## Work to complete
Please return every line of the records below that contains the word "ultimately".

═══ Records to process

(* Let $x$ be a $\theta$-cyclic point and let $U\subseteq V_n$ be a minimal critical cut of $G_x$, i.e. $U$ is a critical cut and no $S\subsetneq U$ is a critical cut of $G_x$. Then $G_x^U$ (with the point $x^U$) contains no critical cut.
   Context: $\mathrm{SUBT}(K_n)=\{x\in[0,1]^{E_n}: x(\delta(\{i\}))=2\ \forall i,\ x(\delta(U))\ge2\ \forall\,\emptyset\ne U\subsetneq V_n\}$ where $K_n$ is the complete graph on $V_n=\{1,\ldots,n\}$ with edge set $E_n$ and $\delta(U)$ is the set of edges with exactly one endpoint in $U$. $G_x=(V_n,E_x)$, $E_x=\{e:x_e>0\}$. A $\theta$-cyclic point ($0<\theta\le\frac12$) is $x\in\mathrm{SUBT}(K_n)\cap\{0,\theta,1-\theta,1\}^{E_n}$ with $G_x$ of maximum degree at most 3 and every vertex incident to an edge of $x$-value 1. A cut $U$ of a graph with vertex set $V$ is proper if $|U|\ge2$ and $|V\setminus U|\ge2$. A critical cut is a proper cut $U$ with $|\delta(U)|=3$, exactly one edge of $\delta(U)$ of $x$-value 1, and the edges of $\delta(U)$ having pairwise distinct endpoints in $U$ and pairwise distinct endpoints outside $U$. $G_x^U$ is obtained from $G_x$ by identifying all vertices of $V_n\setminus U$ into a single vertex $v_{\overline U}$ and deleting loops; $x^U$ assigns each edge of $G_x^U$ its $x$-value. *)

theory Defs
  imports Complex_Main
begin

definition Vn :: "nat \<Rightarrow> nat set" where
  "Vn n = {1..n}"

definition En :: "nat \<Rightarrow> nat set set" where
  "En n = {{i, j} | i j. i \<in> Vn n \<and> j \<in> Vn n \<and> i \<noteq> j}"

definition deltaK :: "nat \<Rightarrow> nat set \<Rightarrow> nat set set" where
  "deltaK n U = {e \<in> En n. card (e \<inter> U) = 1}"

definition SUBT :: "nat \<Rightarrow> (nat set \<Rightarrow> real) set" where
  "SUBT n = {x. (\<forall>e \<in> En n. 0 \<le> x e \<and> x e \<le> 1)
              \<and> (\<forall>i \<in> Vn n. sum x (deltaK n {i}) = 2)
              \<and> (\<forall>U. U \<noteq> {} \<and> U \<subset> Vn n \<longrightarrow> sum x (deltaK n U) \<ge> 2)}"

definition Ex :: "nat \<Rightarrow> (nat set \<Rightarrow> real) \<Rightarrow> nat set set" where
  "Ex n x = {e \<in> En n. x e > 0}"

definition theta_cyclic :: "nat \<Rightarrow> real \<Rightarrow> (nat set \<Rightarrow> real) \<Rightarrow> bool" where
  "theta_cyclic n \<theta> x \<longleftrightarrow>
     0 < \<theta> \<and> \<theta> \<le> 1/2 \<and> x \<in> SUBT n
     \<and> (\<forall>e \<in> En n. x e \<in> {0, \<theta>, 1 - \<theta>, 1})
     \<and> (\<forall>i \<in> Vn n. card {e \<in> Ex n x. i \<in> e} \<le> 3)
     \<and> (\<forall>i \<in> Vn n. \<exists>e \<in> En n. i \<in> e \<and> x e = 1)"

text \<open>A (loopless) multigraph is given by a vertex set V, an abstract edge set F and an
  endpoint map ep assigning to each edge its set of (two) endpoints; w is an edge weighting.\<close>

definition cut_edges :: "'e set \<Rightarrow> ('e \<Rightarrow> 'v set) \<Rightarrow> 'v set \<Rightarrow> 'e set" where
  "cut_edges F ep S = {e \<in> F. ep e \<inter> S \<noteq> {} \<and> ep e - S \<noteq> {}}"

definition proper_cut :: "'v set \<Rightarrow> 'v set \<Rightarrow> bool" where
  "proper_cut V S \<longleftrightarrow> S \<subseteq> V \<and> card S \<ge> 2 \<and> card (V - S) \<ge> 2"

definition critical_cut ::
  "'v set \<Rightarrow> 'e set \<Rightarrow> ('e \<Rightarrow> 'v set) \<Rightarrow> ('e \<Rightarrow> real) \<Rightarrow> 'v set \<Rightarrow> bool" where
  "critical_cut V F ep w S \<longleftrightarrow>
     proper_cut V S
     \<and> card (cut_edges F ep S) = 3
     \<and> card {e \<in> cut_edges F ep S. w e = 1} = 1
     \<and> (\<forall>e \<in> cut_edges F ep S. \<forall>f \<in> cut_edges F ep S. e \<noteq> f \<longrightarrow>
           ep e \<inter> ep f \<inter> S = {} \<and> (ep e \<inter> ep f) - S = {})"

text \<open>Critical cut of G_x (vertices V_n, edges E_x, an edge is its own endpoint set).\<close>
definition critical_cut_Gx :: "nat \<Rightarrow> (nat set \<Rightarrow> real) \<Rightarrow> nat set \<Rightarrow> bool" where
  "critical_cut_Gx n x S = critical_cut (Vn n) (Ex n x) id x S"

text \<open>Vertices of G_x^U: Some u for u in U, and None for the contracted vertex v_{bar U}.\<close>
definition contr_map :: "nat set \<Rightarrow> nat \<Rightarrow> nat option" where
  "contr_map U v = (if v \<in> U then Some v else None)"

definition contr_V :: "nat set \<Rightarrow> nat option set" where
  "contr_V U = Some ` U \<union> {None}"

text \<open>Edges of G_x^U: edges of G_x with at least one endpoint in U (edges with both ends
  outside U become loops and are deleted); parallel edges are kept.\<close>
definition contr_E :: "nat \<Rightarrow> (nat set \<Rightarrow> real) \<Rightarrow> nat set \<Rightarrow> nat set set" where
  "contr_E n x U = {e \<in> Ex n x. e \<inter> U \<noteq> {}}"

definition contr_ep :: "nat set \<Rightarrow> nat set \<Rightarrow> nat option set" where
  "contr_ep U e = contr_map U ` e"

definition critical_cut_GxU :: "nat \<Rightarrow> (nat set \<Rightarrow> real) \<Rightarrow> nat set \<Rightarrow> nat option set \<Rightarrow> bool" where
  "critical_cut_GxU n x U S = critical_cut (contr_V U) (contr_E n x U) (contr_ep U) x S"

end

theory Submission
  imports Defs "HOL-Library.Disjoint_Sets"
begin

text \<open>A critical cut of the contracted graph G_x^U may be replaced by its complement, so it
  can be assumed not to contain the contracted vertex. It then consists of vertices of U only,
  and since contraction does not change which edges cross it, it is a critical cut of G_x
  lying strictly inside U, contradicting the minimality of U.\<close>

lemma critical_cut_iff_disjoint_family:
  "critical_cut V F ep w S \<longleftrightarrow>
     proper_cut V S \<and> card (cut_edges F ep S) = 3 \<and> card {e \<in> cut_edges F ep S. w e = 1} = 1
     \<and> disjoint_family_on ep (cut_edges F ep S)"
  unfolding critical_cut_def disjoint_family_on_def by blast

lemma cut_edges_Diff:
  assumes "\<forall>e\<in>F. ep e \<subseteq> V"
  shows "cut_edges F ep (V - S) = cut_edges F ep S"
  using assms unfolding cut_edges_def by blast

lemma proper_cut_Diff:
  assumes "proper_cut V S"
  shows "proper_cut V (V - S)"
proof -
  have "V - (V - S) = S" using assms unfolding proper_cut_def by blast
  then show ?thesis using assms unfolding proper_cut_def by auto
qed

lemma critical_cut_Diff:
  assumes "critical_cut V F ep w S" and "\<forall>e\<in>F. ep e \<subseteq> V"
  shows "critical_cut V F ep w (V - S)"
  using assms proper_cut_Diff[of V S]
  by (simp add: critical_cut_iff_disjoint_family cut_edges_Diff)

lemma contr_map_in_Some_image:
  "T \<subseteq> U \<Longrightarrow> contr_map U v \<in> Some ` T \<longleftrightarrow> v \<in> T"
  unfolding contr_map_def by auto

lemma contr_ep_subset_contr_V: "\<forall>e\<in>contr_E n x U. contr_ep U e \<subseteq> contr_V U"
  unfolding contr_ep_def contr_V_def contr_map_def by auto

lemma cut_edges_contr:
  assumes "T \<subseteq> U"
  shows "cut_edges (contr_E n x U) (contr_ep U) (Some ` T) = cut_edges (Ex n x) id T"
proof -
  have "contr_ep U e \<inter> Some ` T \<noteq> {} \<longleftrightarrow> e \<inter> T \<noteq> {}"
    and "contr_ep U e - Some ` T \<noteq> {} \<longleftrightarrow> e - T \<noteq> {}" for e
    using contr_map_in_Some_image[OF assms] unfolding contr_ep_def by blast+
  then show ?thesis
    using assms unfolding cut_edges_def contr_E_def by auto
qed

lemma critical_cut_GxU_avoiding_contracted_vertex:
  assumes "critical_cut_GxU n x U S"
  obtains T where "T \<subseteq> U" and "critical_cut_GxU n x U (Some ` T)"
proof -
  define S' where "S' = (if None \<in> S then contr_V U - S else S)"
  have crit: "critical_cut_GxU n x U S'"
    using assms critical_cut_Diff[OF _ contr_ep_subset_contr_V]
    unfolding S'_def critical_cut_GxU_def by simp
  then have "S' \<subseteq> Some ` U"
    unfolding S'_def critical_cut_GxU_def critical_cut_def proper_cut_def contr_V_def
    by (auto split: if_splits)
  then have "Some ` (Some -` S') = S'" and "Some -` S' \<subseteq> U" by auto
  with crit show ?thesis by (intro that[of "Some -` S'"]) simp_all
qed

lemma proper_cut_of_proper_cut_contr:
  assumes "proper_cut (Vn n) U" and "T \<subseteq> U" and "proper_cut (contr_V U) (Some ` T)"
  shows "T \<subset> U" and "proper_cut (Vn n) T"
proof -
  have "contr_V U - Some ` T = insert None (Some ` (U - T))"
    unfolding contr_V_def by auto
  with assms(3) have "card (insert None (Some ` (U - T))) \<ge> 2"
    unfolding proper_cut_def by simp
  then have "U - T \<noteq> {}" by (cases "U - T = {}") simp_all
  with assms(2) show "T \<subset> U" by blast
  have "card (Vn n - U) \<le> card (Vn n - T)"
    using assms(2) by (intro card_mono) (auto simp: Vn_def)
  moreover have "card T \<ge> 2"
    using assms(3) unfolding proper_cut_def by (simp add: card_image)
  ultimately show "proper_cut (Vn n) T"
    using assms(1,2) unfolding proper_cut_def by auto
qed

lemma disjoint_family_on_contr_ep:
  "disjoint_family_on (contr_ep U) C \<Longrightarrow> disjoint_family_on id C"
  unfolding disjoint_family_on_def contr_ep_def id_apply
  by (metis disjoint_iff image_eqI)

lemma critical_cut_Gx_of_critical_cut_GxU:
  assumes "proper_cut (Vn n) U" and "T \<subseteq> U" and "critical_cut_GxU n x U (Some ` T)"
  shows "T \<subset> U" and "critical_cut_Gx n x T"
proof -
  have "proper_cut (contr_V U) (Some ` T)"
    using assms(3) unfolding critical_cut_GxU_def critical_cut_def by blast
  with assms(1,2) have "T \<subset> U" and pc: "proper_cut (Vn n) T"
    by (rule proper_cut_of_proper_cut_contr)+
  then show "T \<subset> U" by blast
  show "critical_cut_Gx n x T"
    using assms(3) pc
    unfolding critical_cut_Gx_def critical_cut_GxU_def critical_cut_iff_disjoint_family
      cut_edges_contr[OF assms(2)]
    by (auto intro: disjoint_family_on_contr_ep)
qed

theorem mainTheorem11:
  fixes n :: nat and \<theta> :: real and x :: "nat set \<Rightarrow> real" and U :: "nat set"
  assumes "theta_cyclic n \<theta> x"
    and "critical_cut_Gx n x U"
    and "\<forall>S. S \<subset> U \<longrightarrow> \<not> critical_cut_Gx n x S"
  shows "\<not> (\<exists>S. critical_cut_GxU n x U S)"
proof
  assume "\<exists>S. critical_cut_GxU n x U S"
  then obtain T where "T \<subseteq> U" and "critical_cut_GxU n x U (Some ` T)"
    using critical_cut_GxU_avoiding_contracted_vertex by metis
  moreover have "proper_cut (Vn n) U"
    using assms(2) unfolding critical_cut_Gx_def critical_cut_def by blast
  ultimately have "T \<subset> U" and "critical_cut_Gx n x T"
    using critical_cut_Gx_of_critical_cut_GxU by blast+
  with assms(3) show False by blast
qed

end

══════

## Your response
  ultimately show "proper_cut (Vn n) T"
  ultimately have "T \<subset> U" and "critical_cut_Gx n x T"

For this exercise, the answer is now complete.